- Task instructions
Say how many lines of these entries include the word "metis", and answer with the number alone.

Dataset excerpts
theory Submission
  imports Defs "HOL-Analysis.Function_Topology"
begin

text \<open>The lower bound comes from the complete graph K_r, whose signless Laplacian
  is (r - 2) I + J, so q_min(K_r) = r - 2.

  For the upper bound, q_min is the minimum of the Rayleigh quotient y'Qy / |y|^2. Fix a
  maximum clique K of size k \<le> r and, for i \<in> K, let A_i be the set of vertices adjacent
  to all of K except i. By maximality each A_i is independent, the A_i are disjoint, and
  a vertex outside all A_i has at most k - 2 neighbours in K. Testing the Rayleigh quotient
  on unit vectors gives q_min \<le> min degree, so double counting yields
  k q_min \<le> n (k - 2) + \<Sum> |A_i|; testing it on 1_{A_i} - 1_{A_j} gives
  q_min \<le> n - |A_i| - |A_j|. Eliminating \<Sum> |A_i| gives q_min \<le> (1 - 4/(3k)) n, and
  4/(3k) \<ge> 4/(3r) \<ge> 3/(3r - 1).\<close>

section \<open>Rayleigh quotients of symmetric matrices\<close>

definition quad_form :: "real mat \<Rightarrow> nat \<Rightarrow> (nat \<Rightarrow> real) \<Rightarrow> real" where
  "quad_form M n y = (\<Sum>i<n. \<Sum>j<n. M $$ (i,j) * y i * y j)"

definition sq_norm :: "nat \<Rightarrow> (nat \<Rightarrow> real) \<Rightarrow> real" where
  "sq_norm n y = (\<Sum>i<n. (y i)\<^sup>2)"

lemma sq_norm_nonneg: "0 \<le> sq_norm n y"
  unfolding sq_norm_def by (intro sum_nonneg) auto

lemma sq_norm_eq_0_iff: "sq_norm n y = 0 \<longleftrightarrow> (\<forall>i<n. y i = 0)"
  unfolding sq_norm_def by (subst sum_nonneg_eq_0_iff) auto

lemma square_le_sq_norm: "i < n \<Longrightarrow> (y i)\<^sup>2 \<le> sq_norm n y"
  unfolding sq_norm_def by (intro member_le_sum) auto

lemma quad_form_cong: "(\<And>i. i < n \<Longrightarrow> y i = z i) \<Longrightarrow> quad_form M n y = quad_form M n z"
  unfolding quad_form_def by (intro sum.cong refl) auto

lemma sq_norm_cong: "(\<And>i. i < n \<Longrightarrow> y i = z i) \<Longrightarrow> sq_norm n y = sq_norm n z"
  unfolding sq_norm_def by (intro sum.cong refl) auto

lemma quad_form_scale: "quad_form M n (\<lambda>i. c * y i) = c\<^sup>2 * quad_form M n y"
  unfolding quad_form_def by (simp add: sum_distrib_left power2_eq_square mult_ac)

lemma sq_norm_scale: "sq_norm n (\<lambda>i. c * y i) = c\<^sup>2 * sq_norm n y"
  unfolding sq_norm_def by (simp add: sum_distrib_left power_mult_distrib)

lemma quad_form_add_scaled:
  assumes sym: "\<And>i j. i < n \<Longrightarrow> j < n \<Longrightarrow> M $$ (i,j) = M $$ (j,i)"
  shows "quad_form M n (\<lambda>i. u i + t * v i) =
    quad_form M n u + 2 * t * (\<Sum>i<n. v i * (\<Sum>j<n. M $$ (i,j) * u j)) + t\<^sup>2 * quad_form M n v"
proof -
  have cross: "(\<Sum>i<n. \<Sum>j<n. M $$ (i,j) * (u i * v j + v i * u j))
      = 2 * (\<Sum>i<n. v i * (\<Sum>j<n. M $$ (i,j) * u j))"
  proof -
    have "(\<Sum>i<n. \<Sum>j<n. M $$ (i,j) * (u i * v j)) = (\<Sum>j<n. \<Sum>i<n. v j * (M $$ (j,i) * u i))"
      by (subst sum.swap) (intro sum.cong refl, simp add: sym mult_ac)
    then show ?thesis
      by (simp add: distrib_left sum.distrib sum_distrib_left mult_ac)
  qed
  have "quad_form M n (\<lambda>i. u i + t * v i) = quad_form M n u
      + t * (\<Sum>i<n. \<Sum>j<n. M $$ (i,j) * (u i * v j + v i * u j)) + t\<^sup>2 * quad_form M n v"
    unfolding quad_form_def
    by (simp add: sum_distrib_left sum.distrib[symmetric] algebra_simps power2_eq_square)
  then show ?thesis using cross by simp
qed

lemma sq_norm_add_scaled:
  "sq_norm n (\<lambda>i. u i + t * v i) = sq_norm n u + 2 * t * (\<Sum>i<n. u i * v i) + t\<^sup>2 * sq_norm n v"
  by (simp add: sq_norm_def sum_distrib_left sum.distrib[symmetric] algebra_simps power2_eq_square)

lemma quad_form_eigen:
  assumes "\<And>i. i < n \<Longrightarrow> (\<Sum>j<n. M $$ (i,j) * y j) = k * y i"
  shows "quad_form M n y = k * sq_norm n y"
proof -
  have "quad_form M n y = (\<Sum>i<n. y i * (\<Sum>j<n. M $$ (i,j) * y j))"
    unfolding quad_form_def by (simp add: sum_distrib_left mult_ac)
  also have "\<dots> = (\<Sum>i<n. k * (y i)\<^sup>2)"
    by (intro sum.cong refl) (simp add: assms power2_eq_square)
  finally show ?thesis
    unfolding sq_norm_def by (simp add: sum_distrib_left)
qed

lemma mult_mat_vec_index:
  "M \<in> carrier_mat n n \<Longrightarrow> i < n \<Longrightarrow> (M *\<^sub>v vec n y) $ i = (\<Sum>j<n. M $$ (i,j) * y j)"
  by (auto simp: mult_mat_vec_def scalar_prod_def atLeast0LessThan intro!: sum.cong)

lemma eigenvalue_iff_eigenfunction:
  assumes M: "M \<in> carrier_mat n n"
  shows "eigenvalue M k \<longleftrightarrow>
    (\<exists>y. (\<exists>i<n. y i \<noteq> 0) \<and> (\<forall>i<n. (\<Sum>j<n. M $$ (i,j) * y j) = k * y i))"
proof
  assume "eigenvalue M k"
  then obtain v where v: "v \<in> carrier_vec n" "v \<noteq> 0\<^sub>v n" "M *\<^sub>v v = k \<cdot>\<^sub>v v"
    using M unfolding eigenvalue_def eigenvector_def by auto
  have "v = vec n (\<lambda>i. v $ i)" using v(1) by auto
  then have "\<forall>i<n. (\<Sum>j<n. M $$ (i,j) * v $ j) = k * v $ i"
    using v(1,3) M mult_mat_vec_index[OF M] by (metis index_smult_vec(1) carrier_vecD)
  moreover have "\<exists>i<n. v $ i \<noteq> 0" using v(1,2) by (metis eq_vecI carrier_vecD index_zero_vec)
  ultimately show "\<exists>y. (\<exists>i<n. y i \<noteq> 0) \<and> (\<forall>i<n. (\<Sum>j<n. M $$ (i,j) * y j) = k * y i)"
    by blast
next
  assume "\<exists>y. (\<exists>i<n. y i \<noteq> 0) \<and> (\<forall>i<n. (\<Sum>j<n. M $$ (i,j) * y j) = k * y i)"
  then obtain y where y: "\<exists>i<n. y i \<noteq> 0" "\<And>i. i < n \<Longrightarrow> (\<Sum>j<n. M $$ (i,j) * y j) = k * y i"
    by blast
  have "M *\<^sub>v vec n y = k \<cdot>\<^sub>v vec n y"
  proof (rule eq_vecI)
    show "(M *\<^sub>v vec n y) $ i = (k \<cdot>\<^sub>v vec n y) $ i" if "i < dim_vec (k \<cdot>\<^sub>v vec n y)" for i
      using that mult_mat_vec_index[OF M, of i y] y(2)[of i] by simp
  qed (use M in simp)
  moreover have "vec n y \<noteq> 0\<^sub>v n" using y(1) by (metis index_vec index_zero_vec(1))
  ultimately show "eigenvalue M k"
    using M unfolding eigenvalue_def eigenvector_def by (intro exI[of _ "vec n y"]) auto
qed

lemma eigenvalue_ge_if_quad_form_ge:
  assumes M: "M \<in> carrier_mat n n" and ev: "eigenvalue M k"
    and ge: "\<And>y. c * sq_norm n y \<le> quad_form M n y"
  shows "c \<le> k"
proof -
  obtain y where y: "\<exists>i<n. y i \<noteq> 0" "\<And>i. i < n \<Longrightarrow> (\<Sum>j<n. M $$ (i,j) * y j) = k * y i"
    using ev unfolding eigenvalue_iff_eigenfunction[OF M] by blast
  have "sq_norm n y > 0" using y(1) sq_norm_nonneg[of n y] sq_norm_eq_0_iff[of n y] by auto
  moreover have "c * sq_norm n y \<le> k * sq_norm n y" using ge[of y] quad_form_eigen[OF y(2)] by simp
  ultimately show ?thesis by simp
qed

lemma continuous_on_coordinate: "continuous_on S (\<lambda>x::nat \<Rightarrow> real. x i)"
  by (rule continuous_on_subset[OF continuous_on_product_coordinates]) auto

lemma continuous_on_quad_form: "continuous_on S (quad_form M n)"
  unfolding quad_form_def by (intro continuous_intros continuous_on_coordinate)

lemma continuous_on_sq_norm: "continuous_on S (sq_norm n)"
  unfolding sq_norm_def by (intro continuous_intros continuous_on_coordinate)

lemma compact_cube: "compact (PiE UNIV (\<lambda>i::nat. if i < n then {-1..1::real} else {0}))"
proof -
  have "compactin (product_topology (\<lambda>i. euclideanreal) UNIV)
      (PiE UNIV (\<lambda>i::nat. if i < n then {-1..1::real} else {0}))"
    by (subst compactin_PiE) auto
  then show ?thesis by (simp add: euclidean_product_topology compactin_euclidean_iff)
qed

text \<open>Vectors are functions on nat of which only the first n entries matter; truncating them
  to 0 beyond n puts the unit sphere inside a compact cube of the product topology.\<close>

lemma quad_form_min_on_unit_sphere:
  assumes "n \<ge> 1"
  obtains y0 where "sq_norm n y0 = 1" "\<And>y. sq_norm n y = 1 \<Longrightarrow> quad_form M n y0 \<le> quad_form M n y"
proof -
  define S where "S = PiE UNIV (\<lambda>i. if i < n then {-1..1} else {0}) \<inter> {y. sq_norm n y = 1}"
  have "compact S"
    unfolding S_def by (intro compact_Int_closed compact_cube closed_Collect_eq
        continuous_on_sq_norm continuous_on_const)
  moreover have "(\<lambda>i. if i = 0 then 1 else 0) \<in> S"
  proof -
    have "sq_norm n (\<lambda>i. if i = 0 then 1 else 0) = (\<Sum>i<n. if i = 0 then 1 else 0)"
      unfolding sq_norm_def by (intro sum.cong) auto
    then show ?thesis using assms by (simp add: S_def PiE_iff)
  qed
  ultimately obtain y0 where y0: "y0 \<in> S" and min: "\<And>y. y \<in> S \<Longrightarrow> quad_form M n y0 \<le> quad_form M n y"
    using continuous_attains_inf[OF _ _ continuous_on_quad_form, of S] by blast
  have "quad_form M n y0 \<le> quad_form M n y" if y: "sq_norm n y = 1" for y
  proof -
    define z where "z i = (if i < n then y i else 0)" for i
    have "\<bar>y i\<bar> \<le> 1" if "i < n" for i
      using square_le_sq_norm[OF that, of y] y by (simp add: abs_square_le_1)
    moreover have "sq_norm n z = 1" using y sq_norm_cong[of n z y] by (simp add: z_def)
    ultimately have "z \<in> S" by (simp add: S_def PiE_iff z_def abs_le_iff)
    moreover have "quad_form M n z = quad_form M n y" by (rule quad_form_cong) (simp add: z_def)
    ultimately show ?thesis using min[of z] by simp
  qed
  moreover have "sq_norm n y0 = 1" using y0 by (simp add: S_def)
  ultimately show thesis using that by blast
qed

- Solution to this task
3